_Task objective_. Copy exactly the stretch of data below from the line with "by (simp add: divide_inverse)" through the line with "S \<Longrightarrow> x - y", including both of those lines.

_Records for the task_.
(* Let $k$ be a field of characteristic $0$, let $t$ be transcendental over $k$, and let $K=k(t)$. Let $\alpha,a,b,c,d,e,f\in k$ with $a,d$ not both zero, $ae=bd$, $af\neq cd$, $b^2\neq 4ac$ and $e^2\neq 4df$. Let $\lambda\in\operatorname{Emb}(k(t))$ be a $k$-linear embedding with $\lambda(t)=\alpha+\sqrt{\frac{at^2+bt+c}{dt^2+et+f}}$ (for some square root in $\overline{K}$). If $V$ is a simple two-sided vector space over $k(t)$ corresponding to $\lambda$, then $V$ has rank $2$.
   Context: Let $k\subset K$ be fields and $\overline{K}$ a fixed algebraic closure of $K$. A two-sided vector space is a $K\otimes_k K$-module $V$; left (resp. right) multiplication by $K$ means the action of $K\otimes 1$ (resp. $1\otimes K$); ${}_KV$ and $V_K$ denote the corresponding restrictions of scalars. $V$ has rank $n$ if $\dim_K({}_KV)=\dim_K(V_K)=n$. $\operatorname{Emb}(K)$ is the set of $k$-linear field embeddings $K\to\overline{K}$; $G=\operatorname{Aut}(\overline{K}/K)$ acts on it by left composition, and $\lambda^G$ denotes the orbit. For a homomorphism $\phi:K\to M_n(K)$, $K^n_\phi$ denotes the two-sided vector space of row vectors $K^n$ with left action $x\cdot(v_1,\dots,v_n)=(xv_1,\dots,xv_n)$ and right action $v\cdot x=v\phi(x)$. For $K$ perfect and $\lambda\in\operatorname{Emb}(K)$ with $|\lambda^G|=n<\infty$, let $K(\lambda)\subset\overline{K}$ be the composite of $K$ and $\lambda(K)$ (it has $[K(\lambda):K]=n$), choose a basis $\alpha_1,\dots,\alpha_n$ of $K(\lambda)$ over $K$, define $\lambda_i:K\to K$ by $\lambda(x)=\sum_i\lambda_i(x)\alpha_i$, define $\beta_{ijk}\in K$ by $\alpha_i\alpha_j=\sum_k\beta_{ijk}\alpha_k$, and set $\phi_{ij}(x)=\sum_{k}\beta_{jki}\lambda_k(x)$. The simple two-sided vector space corresponding to $\lambda$ is (up to isomorphism) $K^n_\phi$; by a known classification, $\lambda^G\mapsto K^n_\phi$ is a bijection from finite $G$-orbits in $\operatorname{Emb}(K)$ to isomorphism classes of simple two-sided vector spaces of finite left dimension, and this space has left dimension $|\lambda^G|$. *)

theory Defs
  imports "HOL-Analysis.Analysis" "HOL-Computational_Algebra.Fraction_Field"
begin

type_synonym 'k ratfun = "'k poly fract"

definition rf_const :: "'k::field \<Rightarrow> 'k ratfun" where
  "rf_const c = Fract [:c:] 1"

definition rf_t :: "'k::field ratfun" where
  "rf_t = Fract [:0, 1:] 1"

text \<open>(Unital) ring homomorphisms between fields; these are automatically injective.\<close>
definition is_ring_hom :: "('a::ring_1 \<Rightarrow> 'b::ring_1) \<Rightarrow> bool" where
  "is_ring_hom f \<longleftrightarrow> f 1 = 1 \<and> (\<forall>x y. f (x + y) = f x + f y) \<and> (\<forall>x y. f (x * y) = f x * f y)"

definition is_alg_closure :: "('K::field \<Rightarrow> 'L::field) \<Rightarrow> bool" where
  "is_alg_closure \<iota> \<longleftrightarrow> is_ring_hom \<iota>
     \<and> (\<forall>p :: 'L poly. 0 < degree p \<longrightarrow> (\<exists>z. poly p z = 0))
     \<and> (\<forall>z :: 'L. \<exists>p. p \<noteq> 0 \<and> (\<forall>i. coeff p i \<in> range \<iota>) \<and> poly p z = 0)"

definition Aut_over :: "('K::field \<Rightarrow> 'L::field) \<Rightarrow> ('L \<Rightarrow> 'L) set" where
  "Aut_over \<iota> = {\<sigma>. bij \<sigma> \<and> is_ring_hom \<sigma> \<and> (\<forall>x. \<sigma> (\<iota> x) = \<iota> x)}"

definition Emb :: "('k::field ratfun \<Rightarrow> 'L::field) \<Rightarrow> ('k ratfun \<Rightarrow> 'L) set" where
  "Emb \<iota> = {\<mu>. is_ring_hom \<mu> \<and> (\<forall>c x. \<mu> (rf_const c * x) = \<iota> (rf_const c) * \<mu> x)}"

definition orbit :: "('K::field \<Rightarrow> 'L::field) \<Rightarrow> ('K \<Rightarrow> 'L) \<Rightarrow> ('K \<Rightarrow> 'L) set" where
  "orbit \<iota> \<mu> = {\<sigma> \<circ> \<mu> | \<sigma>. \<sigma> \<in> Aut_over \<iota>}"

definition is_subfield :: "'L::field set \<Rightarrow> bool" where
  "is_subfield F \<longleftrightarrow> 0 \<in> F \<and> 1 \<in> F \<and> (\<forall>x\<in>F. \<forall>y\<in>F. x + y \<in> F \<and> x * y \<in> F)
     \<and> (\<forall>x\<in>F. - x \<in> F) \<and> (\<forall>x\<in>F. x \<noteq> 0 \<longrightarrow> inverse x \<in> F)"

definition composite :: "('K::field \<Rightarrow> 'L::field) \<Rightarrow> ('K \<Rightarrow> 'L) \<Rightarrow> 'L set" where
  "composite \<iota> \<mu> = \<Inter>{F. is_subfield F \<and> range \<iota> \<subseteq> F \<and> range \<mu> \<subseteq> F}"

definition phi_mat :: "('n::finite \<Rightarrow> 'n \<Rightarrow> 'n \<Rightarrow> 'K::field) \<Rightarrow> ('n \<Rightarrow> 'K \<Rightarrow> 'K) \<Rightarrow> 'K \<Rightarrow> 'K ^ 'n ^ 'n" where
  "phi_mat \<beta> lc x = (\<chi> i j. \<Sum>k\<in>UNIV. \<beta> j k i * lc k x)"

definition left_dim :: "('K::field \<Rightarrow> 'K ^ 'n ^ 'n) \<Rightarrow> nat" where
  "left_dim \<phi> = vector_space.dim (\<lambda>x (v :: 'K ^ 'n::finite). x *s v) UNIV"

definition right_dim :: "('K::field \<Rightarrow> 'K ^ 'n ^ 'n) \<Rightarrow> nat" where
  "right_dim \<phi> = vector_space.dim (\<lambda>x (v :: 'K ^ 'n::finite). vector_matrix_mult v (\<phi> x)) UNIV"

end

theory Submission
  imports Defs
begin

text \<open>Put \<open>T = \<iota>(t)\<close> and \<open>s = \<lambda>(t) - \<alpha>\<close>, so \<open>s\<^sup>2 = N(T)/D(T)\<close> with \<open>N = a t\<^sup>2 + b t + c\<close> and
  \<open>D = d t\<^sup>2 + e t + f\<close>. Since \<open>b\<^sup>2 \<noteq> 4ac\<close> and \<open>af \<noteq> cd\<close>, \<open>N/D\<close> is not a square in \<open>k(t)\<close>, so the
  composite \<open>K(\<lambda>)\<close> is \<open>K \<oplus> K s\<close>, of dimension 2 over \<open>K\<close>; this is the left dimension.
  Clearing denominators, \<open>T\<close> satisfies a quadratic equation over \<open>\<lambda>(K)\<close>, and \<open>ae = bd\<close> ensures that
  \<open>(t - \<alpha>)\<^sup>2\<close> is not of the form \<open>N(r)/D(r)\<close>, i.e. \<open>T \<notin> \<lambda>(K)\<close>; so \<open>K(\<lambda>)\<close> is also
  \<open>\<lambda>(K) \<oplus> \<lambda>(K) T\<close>. Finally, pairing \<open>K(\<lambda>)\<close> with itself by \<open>(y, e) \<mapsto>\<close> (the \<open>1\<close>-coordinate of
  \<open>y e\<close>) identifies \<open>K\<^sup>n\<^sub>\<phi>\<close>, with its right action, with \<open>K(\<lambda>)\<close> as a \<open>\<lambda>(K)\<close>-vector space,
  which therefore also has dimension 2.\<close>

section \<open>Field homomorphisms and subfields\<close>

locale field_hom =
  fixes h :: "'a::field \<Rightarrow> 'b::field"
  assumes hom: "is_ring_hom h"
begin

lemma hom_add [simp]: "h (x + y) = h x + h y"
  and hom_mult [simp]: "h (x * y) = h x * h y"
  and hom_1 [simp]: "h 1 = 1"
  using hom unfolding is_ring_hom_def by simp_all

lemma hom_0 [simp]: "h 0 = 0"
  using hom_add[of 0 0] by (metis add_0 add_cancel_right_right)

lemma hom_uminus [simp]: "h (- x) = - h x"
  using hom_add[of "- x" x] by (simp add: eq_neg_iff_add_eq_0)

lemma hom_diff [simp]: "h (x - y) = h x - h y"
  by (simp only: diff_conv_add_uminus hom_add hom_uminus)

lemma hom_power [simp]: "h (x ^ n) = h x ^ n"
  by (induction n) simp_all

lemma hom_sum [simp]: "h (sum g A) = (\<Sum>i\<in>A. h (g i))"
  by (induction A rule: infinite_finite_induct) simp_all

lemma hom_inverse [simp]: "h (inverse x) = inverse (h x)"
proof (cases "x = 0")
  case False
  then have "h x * h (inverse x) = 1"
    by (simp flip: hom_mult)
  then show ?thesis
    by (rule inverse_unique[symmetric])
qed simp

lemma hom_divide [simp]: "h (x / y) = h x / h y"
  by (simp add: divide_inverse)

lemma hom_eq_0_iff [simp]: "h x = 0 \<longleftrightarrow> x = 0"
proof
  assume "h x = 0"
  then have "h (x * inverse x) = 0"
    by simp
  then show "x = 0"
    by (metis hom_1 right_inverse zero_neq_one)
qed simp

lemma hom_eq_iff [simp]: "h x = h y \<longleftrightarrow> x = y"
  using hom_eq_0_iff[of "x - y"] by simp

lemma subfield_range: "is_subfield (range h)"
  unfolding is_subfield_def
proof (intro conjI ballI impI)
  show "0 \<in> range h" "1 \<in> range h"
    using rangeI[of h 0] rangeI[of h 1] by simp_all
  fix u v assume "u \<in> range h" "v \<in> range h"
  then obtain x y where "u = h x" "v = h y" by blast
  then show "u + v \<in> range h" "u * v \<in> range h"
    using rangeI[of h "x + y"] rangeI[of h "x * y"] by simp_all
next
  fix u assume "u \<in> range h"
  then obtain x where "u = h x" by blast
  then show "- u \<in> range h" "inverse u \<in> range h"
    using rangeI[of h "- x"] rangeI[of h "inverse x"] by simp_all
qed

end

lemma subfield_diff: "is_subfield S \<Longrightarrow> x \<in> S \<Longrightarrow> y \<in> S \<Longrightarrow> x - y \<in> S"
  unfolding is_subfield_def by (metis diff_conv_add_uminus)

lemma subfield_divide: "is_subfield S \<Longrightarrow> x \<in> S \<Longrightarrow> y \<in> S \<Longrightarrow> x / y \<in> S"
  unfolding is_subfield_def by (metis divide_inverse inverse_zero)

lemma subfield_sum: "is_subfield S \<Longrightarrow> (\<And>i. i \<in> A \<Longrightarrow> g i \<in> S) \<Longrightarrow> sum g A \<in> S"
  by (induction A rule: infinite_finite_induct) (simp_all add: is_subfield_def)

lemma subfield_Inter: "\<forall>F\<in>\<F>. is_subfield F \<Longrightarrow> is_subfield (\<Inter>\<F>)"
  unfolding is_subfield_def by (simp add: Inter_iff)

lemma subfield_composite: "is_subfield (composite \<iota> \<mu>)"
  unfolding composite_def by (rule subfield_Inter) blast

lemma composite_least:
  "is_subfield F \<Longrightarrow> range \<iota> \<subseteq> F \<Longrightarrow> range \<mu> \<subseteq> F \<Longrightarrow> composite \<iota> \<mu> \<subseteq> F"
  unfolding composite_def by blast

lemma range_subset_composite: "range \<iota> \<union> range \<mu> \<subseteq> composite \<iota> \<mu>"
  unfolding composite_def by auto

lemma Fract_pCons: "Fract (pCons a P) 1 = rf_const a + rf_t * Fract P 1"
proof -
  have "pCons a P = [:a:] + [:0, 1:] * P"
    by (simp add: poly_eq_iff coeff_pCons split: nat.splits)
  then show ?thesis
    by (simp add: rf_const_def rf_t_def mult_fract)
qed

lemma ratfun_hom_in_subfield:
  assumes "is_ring_hom (h :: 'k::field ratfun \<Rightarrow> 'b::field)" and S: "is_subfield S"
    and const: "\<And>c. h (rf_const c) \<in> S" and t: "h rf_t \<in> S"
  shows "h x \<in> S"
proof -
  interpret field_hom h using assms(1) by (rule field_hom.intro)
  have poly: "h (Fract P 1) \<in> S" for P
  proof (induction P)
    case 0
    then show ?case using S by (simp add: is_subfield_def flip: Zero_fract_def)
  next
    case (pCons a P)
    then show ?case using S const t by (simp add: Fract_pCons is_subfield_def)
  qed
  obtain P Q where "x = Fract P Q" "Q \<noteq> 0" by (cases x) auto
  then have "h x = h (Fract P 1) / h (Fract Q 1)"
    by (simp add: divide_fract flip: hom_divide)
  then show ?thesis
    using poly[of P] poly[of Q] by (simp add: subfield_divide[OF S])
qed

_Written response_.
  by (simp add: divide_inverse)

lemma hom_eq_0_iff [simp]: "h x = 0 \<longleftrightarrow> x = 0"
proof
  assume "h x = 0"
  then have "h (x * inverse x) = 0"
    by simp
  then show "x = 0"
    by (metis hom_1 right_inverse zero_neq_one)
qed simp

lemma hom_eq_iff [simp]: "h x = h y \<longleftrightarrow> x = y"
  using hom_eq_0_iff[of "x - y"] by simp

lemma subfield_range: "is_subfield (range h)"
  unfolding is_subfield_def
proof (intro conjI ballI impI)
  show "0 \<in> range h" "1 \<in> range h"
    using rangeI[of h 0] rangeI[of h 1] by simp_all
  fix u v assume "u \<in> range h" "v \<in> range h"
  then obtain x y where "u = h x" "v = h y" by blast
  then show "u + v \<in> range h" "u * v \<in> range h"
    using rangeI[of h "x + y"] rangeI[of h "x * y"] by simp_all
next
  fix u assume "u \<in> range h"
  then obtain x where "u = h x" by blast
  then show "- u \<in> range h" "inverse u \<in> range h"
    using rangeI[of h "- x"] rangeI[of h "inverse x"] by simp_all
qed

end

lemma subfield_diff: "is_subfield S \<Longrightarrow> x \<in> S \<Longrightarrow> y \<in> S \<Longrightarrow> x - y \<in> S"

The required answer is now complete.